AI - die pädagogische eierlegende Wollmilchsau vs. NEETs

Künstliche Intelligenz und digitale Lernwerkzeuge sind gerade dabei, die Schule grundlegend zu verändern. Für nahezu jedes Fach gibt es inzwischen Plattformen, Apps, Assistenten und Programme, die versprechen, Lernen leichter, individueller, motivierender und erfolgreicher zu machen. Egal ob Mathematik, Sprachen, Naturwissenschaften, Geschichte oder kreatives Arbeiten: Überall finden sich Werkzeuge, die mit adaptiven Aufgaben, automatischem Feedback, Erklärvideos, Lernpfaden oder KI-gestützter Unterstützung werben. Die Vielfalt ist mittlerweile so groß geworden, dass sie kaum noch überschaubar ist. Fast jedes Tool behauptet dabei, besonders innovativ, besonders wirksam oder überhaupt die beste Lösung zu sein.

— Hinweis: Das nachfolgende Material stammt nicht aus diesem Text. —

(* Let $\Delta\in\mathcal{H}_{\ge 3}$ be a hypergraph on $[d]$ and let $F$ be a finite set of atoms of the form $(c_1\not\sim c_2)$ with $c_1\ne c_2\in[d]$. Then there exists a unique hypergraph $\Delta_F$ on $[d]$ that is minimal (with respect to $\le$) among the hypergraphs $\widetilde\Delta$ satisfying: (1) $\Delta\le\widetilde\Delta$; (2) there is no atom $(c_1\not\sim c_2)$ in $F$ and no pair of distinct edges $e_1,e_2\in\widetilde\Delta$ with $\{c_1,c_2\}\subseteq e_1\cap e_2$.
   Context: A hypergraph on the vertex set $[d]$ is a collection $\Delta$ of subsets of $[d]$ (edges) such that no edge is a proper subset of another edge. For hypergraphs $\Delta_1,\Delta_2$, $\Delta_1\le\Delta_2$ means that every edge of $\Delta_1$ is contained in some edge of $\Delta_2$. $\mathcal{H}_{\ge3}$ is the set of hypergraphs all of whose edges have size at least $3$. *)

theory Defs
  imports Main
begin

definition hypergraph :: "nat \<Rightarrow> nat set set \<Rightarrow> bool" where
  "hypergraph d \<Delta> \<longleftrightarrow>
     (\<forall>e\<in>\<Delta>. e \<subseteq> {1..d}) \<and> (\<forall>e1\<in>\<Delta>. \<forall>e2\<in>\<Delta>. \<not> (e1 \<subset> e2))"

definition hg_le :: "nat set set \<Rightarrow> nat set set \<Rightarrow> bool" where
  "hg_le \<Delta>1 \<Delta>2 \<longleftrightarrow> (\<forall>e1\<in>\<Delta>1. \<exists>e2\<in>\<Delta>2. e1 \<subseteq> e2)"

definition edges_ge3 :: "nat set set \<Rightarrow> bool" where
  "edges_ge3 \<Delta> \<longleftrightarrow> (\<forall>e\<in>\<Delta>. 3 \<le> card e)"

text \<open>An atom (c1 \<noteq>~ c2) is represented by the pair (c1, c2).
  Condition (2): no atom of F has both vertices in the intersection of two distinct edges.\<close>
definition respects_atoms :: "(nat \<times> nat) set \<Rightarrow> nat set set \<Rightarrow> bool" where
  "respects_atoms F \<Delta>' \<longleftrightarrow>
     \<not> (\<exists>(c1, c2)\<in>F. \<exists>e1\<in>\<Delta>'. \<exists>e2\<in>\<Delta>'. e1 \<noteq> e2 \<and> {c1, c2} \<subseteq> e1 \<inter> e2)"

definition admissible :: "nat \<Rightarrow> nat set set \<Rightarrow> (nat \<times> nat) set \<Rightarrow> nat set set \<Rightarrow> bool" where
  "admissible d \<Delta> F \<Delta>' \<longleftrightarrow> hypergraph d \<Delta>' \<and> hg_le \<Delta> \<Delta>' \<and> respects_atoms F \<Delta>'"

definition minimal_admissible :: "nat \<Rightarrow> nat set set \<Rightarrow> (nat \<times> nat) set \<Rightarrow> nat set set \<Rightarrow> bool" where
  "minimal_admissible d \<Delta> F \<Delta>F \<longleftrightarrow>
     admissible d \<Delta> F \<Delta>F \<and>
     (\<forall>\<Delta>'. admissible d \<Delta> F \<Delta>' \<and> hg_le \<Delta>' \<Delta>F \<longrightarrow> \<Delta>' = \<Delta>F)"

end

theory Submission
  imports Defs
begin

text \<open>Call a set of vertices \<^emph>\<open>forced\<close> if it lies inside an edge of every admissible
  hypergraph. Edges of \<open>\<Delta>\<close> are forced, and if two forced sets share both vertices of an atom,
  their union is forced too: in an admissible hypergraph the edges covering them cannot be
  distinct. Hence the maximal forced subsets of [d] form an admissible hypergraph, which by
  construction lies below every admissible hypergraph; being least, it is the unique minimal
  one.\<close>

lemma hypergraph_hg_le_antisym:
  assumes "hypergraph d \<Delta>1" "hypergraph d \<Delta>2" "hg_le \<Delta>1 \<Delta>2" "hg_le \<Delta>2 \<Delta>1"
  shows "\<Delta>1 = \<Delta>2"
proof -
  have edge: "e \<in> \<Gamma>2"
    if hyp: "hypergraph d \<Gamma>1" "hg_le \<Gamma>1 \<Gamma>2" "hg_le \<Gamma>2 \<Gamma>1" "e \<in> \<Gamma>1" for \<Gamma>1 \<Gamma>2 e
  proof -
    obtain g where g: "g \<in> \<Gamma>2" "e \<subseteq> g" using hyp(2,4) unfolding hg_le_def by blast
    obtain e' where e': "e' \<in> \<Gamma>1" "g \<subseteq> e'" using hyp(3) g(1) unfolding hg_le_def by blast
    have "\<not> e \<subset> e'" using hyp(1,4) e'(1) unfolding hypergraph_def by blast
    then have "e = g" using g(2) e'(2) by blast
    with g show ?thesis by simp
  qed
  show ?thesis using edge[of \<Delta>1 \<Delta>2] edge[of \<Delta>2 \<Delta>1] assms by blast
qed

lemma respects_atoms_iff:
  "respects_atoms F \<Delta> \<longleftrightarrow>
     (\<forall>c1 c2 e1 e2. (c1, c2) \<in> F \<longrightarrow> e1 \<in> \<Delta> \<longrightarrow> e2 \<in> \<Delta> \<longrightarrow> {c1, c2} \<subseteq> e1 \<inter> e2 \<longrightarrow> e1 = e2)"
  unfolding respects_atoms_def Bex_def split_paired_Ex prod.case by blast

definition forced :: "nat \<Rightarrow> nat set set \<Rightarrow> (nat \<times> nat) set \<Rightarrow> nat set \<Rightarrow> bool" where
  "forced d \<Delta> F A \<longleftrightarrow> (\<forall>\<Gamma>. admissible d \<Delta> F \<Gamma> \<longrightarrow> (\<exists>g\<in>\<Gamma>. A \<subseteq> g))"

definition maximal_forced :: "nat \<Rightarrow> nat set set \<Rightarrow> (nat \<times> nat) set \<Rightarrow> nat set set" where
  "maximal_forced d \<Delta> F =
     {A. A \<subseteq> {1..d} \<and> forced d \<Delta> F A \<and>
         (\<forall>B. B \<subseteq> {1..d} \<and> forced d \<Delta> F B \<longrightarrow> \<not> A \<subset> B)}"

lemma forced_edge: "A \<in> \<Delta> \<Longrightarrow> forced d \<Delta> F A"
  unfolding forced_def admissible_def hg_le_def by blast

lemma forced_Un:
  assumes "forced d \<Delta> F A" "forced d \<Delta> F B" "(c1, c2) \<in> F" "{c1, c2} \<subseteq> A \<inter> B"
  shows "forced d \<Delta> F (A \<union> B)"
  unfolding forced_def
proof (intro allI impI)
  fix \<Gamma> assume adm: "admissible d \<Delta> F \<Gamma>"
  obtain g where g: "g \<in> \<Gamma>" "A \<subseteq> g" using assms(1) adm unfolding forced_def by blast
  obtain g' where g': "g' \<in> \<Gamma>" "B \<subseteq> g'" using assms(2) adm unfolding forced_def by blast
  have "respects_atoms F \<Gamma>" using adm unfolding admissible_def by blast
  then have "g = g'"
    using assms(3,4) g g' unfolding respects_atoms_iff by blast
  with g g' show "\<exists>g\<in>\<Gamma>. A \<union> B \<subseteq> g" by blast
qed

lemma forced_subset_maximal_forced:
  assumes "A \<subseteq> {1..d}" "forced d \<Delta> F A"
  shows "\<exists>M\<in>maximal_forced d \<Delta> F. A \<subseteq> M"
proof -
  define S where "S = {B. B \<subseteq> {1..d} \<and> forced d \<Delta> F B}"
  have "finite S" unfolding S_def by (rule finite_subset[of _ "Pow {1..d}"]) auto
  moreover have "A \<in> S" unfolding S_def using assms by simp
  ultimately obtain M where M: "M \<in> S" "A \<subseteq> M" and max: "\<forall>B\<in>S. M \<subseteq> B \<longrightarrow> M = B"
    by (metis finite_has_maximal2)
  have "M \<in> maximal_forced d \<Delta> F"
    unfolding maximal_forced_def mem_Collect_eq
  proof (intro conjI allI impI)
    show "M \<subseteq> {1..d}" "forced d \<Delta> F M" using M(1) unfolding S_def by simp_all
    show "\<not> M \<subset> B" if "B \<subseteq> {1..d} \<and> forced d \<Delta> F B" for B
      using that max unfolding S_def by blast
  qed
  with M(2) show ?thesis by blast
qed

lemma respects_atoms_maximal_forced: "respects_atoms F (maximal_forced d \<Delta> F)"
  unfolding respects_atoms_iff
proof (intro allI impI)
  fix c1 c2 A B
  assume cF: "(c1, c2) \<in> F" and A: "A \<in> maximal_forced d \<Delta> F"
    and B: "B \<in> maximal_forced d \<Delta> F" and c: "{c1, c2} \<subseteq> A \<inter> B"
  from A B have "forced d \<Delta> F (A \<union> B)" "A \<union> B \<subseteq> {1..d}"
    using forced_Un[OF _ _ cF c] unfolding maximal_forced_def by auto
  then have "\<not> A \<subset> A \<union> B" "\<not> B \<subset> A \<union> B"
    using A B unfolding maximal_forced_def by blast+
  then show "A = B" by blast
qed

lemma admissible_maximal_forced:
  assumes "hypergraph d \<Delta>"
  shows "admissible d \<Delta> F (maximal_forced d \<Delta> F)"
proof -
  have "hypergraph d (maximal_forced d \<Delta> F)"
    unfolding hypergraph_def maximal_forced_def by blast
  moreover have "hg_le \<Delta> (maximal_forced d \<Delta> F)"
    unfolding hg_le_def
  proof
    fix e assume "e \<in> \<Delta>"
    with assms have "e \<subseteq> {1..d}" unfolding hypergraph_def by blast
    with \<open>e \<in> \<Delta>\<close> show "\<exists>M\<in>maximal_forced d \<Delta> F. e \<subseteq> M"
      by (intro forced_subset_maximal_forced forced_edge)
  qed
  ultimately show ?thesis
    using respects_atoms_maximal_forced unfolding admissible_def by blast
qed

lemma maximal_forced_hg_le:
  "admissible d \<Delta> F \<Gamma> \<Longrightarrow> hg_le (maximal_forced d \<Delta> F) \<Gamma>"
  unfolding maximal_forced_def forced_def hg_le_def by blast

lemma ex1_minimal_admissible_if_least:
  assumes "admissible d \<Delta> F M" and "\<And>\<Gamma>. admissible d \<Delta> F \<Gamma> \<Longrightarrow> hg_le M \<Gamma>"
  shows "\<exists>!\<Delta>F. minimal_admissible d \<Delta> F \<Delta>F"
proof (rule ex1I[of _ M])
  show "minimal_admissible d \<Delta> F M"
    using assms hypergraph_hg_le_antisym
    unfolding minimal_admissible_def admissible_def by blast
  show "\<Delta>F = M" if "minimal_admissible d \<Delta> F \<Delta>F" for \<Delta>F
    using that assms unfolding minimal_admissible_def by blast
qed

theorem mainTheorem3:
  fixes d :: nat and \<Delta> :: "nat set set" and F :: "(nat \<times> nat) set"
  assumes "hypergraph d \<Delta>" and "edges_ge3 \<Delta>"
    and "finite F"
    and "\<forall>(c1, c2)\<in>F. c1 \<noteq> c2 \<and> c1 \<in> {1..d} \<and> c2 \<in> {1..d}"
  shows "\<exists>!\<Delta>F. minimal_admissible d \<Delta> F \<Delta>F"
  using admissible_maximal_forced[OF assms(1)] maximal_forced_hg_le
  by (rule ex1_minimal_admissible_if_least)

end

Auf den ersten Blick klingt das nach einer pädagogischen Traumwelt. Auch in Österreich wurde mit digitalen Marktplatzmodellen und Lernplattformen ein Rahmen geschaffen, in dem Schulen leichter auf Anwendungen zugreifen können. Das ist grundsätzlich sinnvoll, denn Schulen brauchen zeitgemäße Werkzeuge. Gleichzeitig muss man aber nüchtern feststellen: Die bloße Verfügbarkeit digitaler Tools macht noch keinen guten Unterricht und schon gar keine lernwilligen Schülerinnen und Schüler. Die Hoffnung, dass Technologie allein Bildungsprobleme löst, war schon immer zu einfach gedacht.
Denn in der Praxis zeigt sich ein deutlich differenzierteres Bild. Jene Kinder und Jugendlichen, die ohnehin motiviert sind, profitieren tatsächlich stark. Sie nutzen gute Tools, um eigenständig zu üben, Lücken zu schließen, Inhalte zu vertiefen und in ihrem Tempo weiterzuarbeiten. Gerade leistungsstarke oder interessierte Schülerinnen und Schüler können mit digitalen Angeboten sehr autonom lernen. Sie recherchieren, wiederholen, trainieren und organisieren sich oft erstaunlich selbstständig. Für diese Gruppe sind KI und Lernapps ein echter Gewinn. Wer hungrig ist, etwas zu lernen, findet heute mehr Unterstützung als je zuvor.
Diese Gruppe ist jedoch nicht die ganze Klasse. Ein anderer Teil der Schülerschaft ist zwar grundsätzlich willig, hat aber Mühe beim Verstehen, beim Strukturieren, beim Dranbleiben und beim selbstständigen Arbeiten. Diese Schülerinnen und Schüler brauchen digitale Werkzeuge nicht als Ersatz für Unterricht, sondern als zusätzliche Hilfe. Sie brauchen klare Begleitung, Ermutigung, Führung, kleine Schritte und oft sehr viel Beziehung. Auch hier kann KI unterstützen, aber nur dann, wenn ein Mensch den Rahmen schafft. Ohne Anleitung werden viele Tools für diese Gruppe schnell unübersichtlich oder oberflächlich genutzt.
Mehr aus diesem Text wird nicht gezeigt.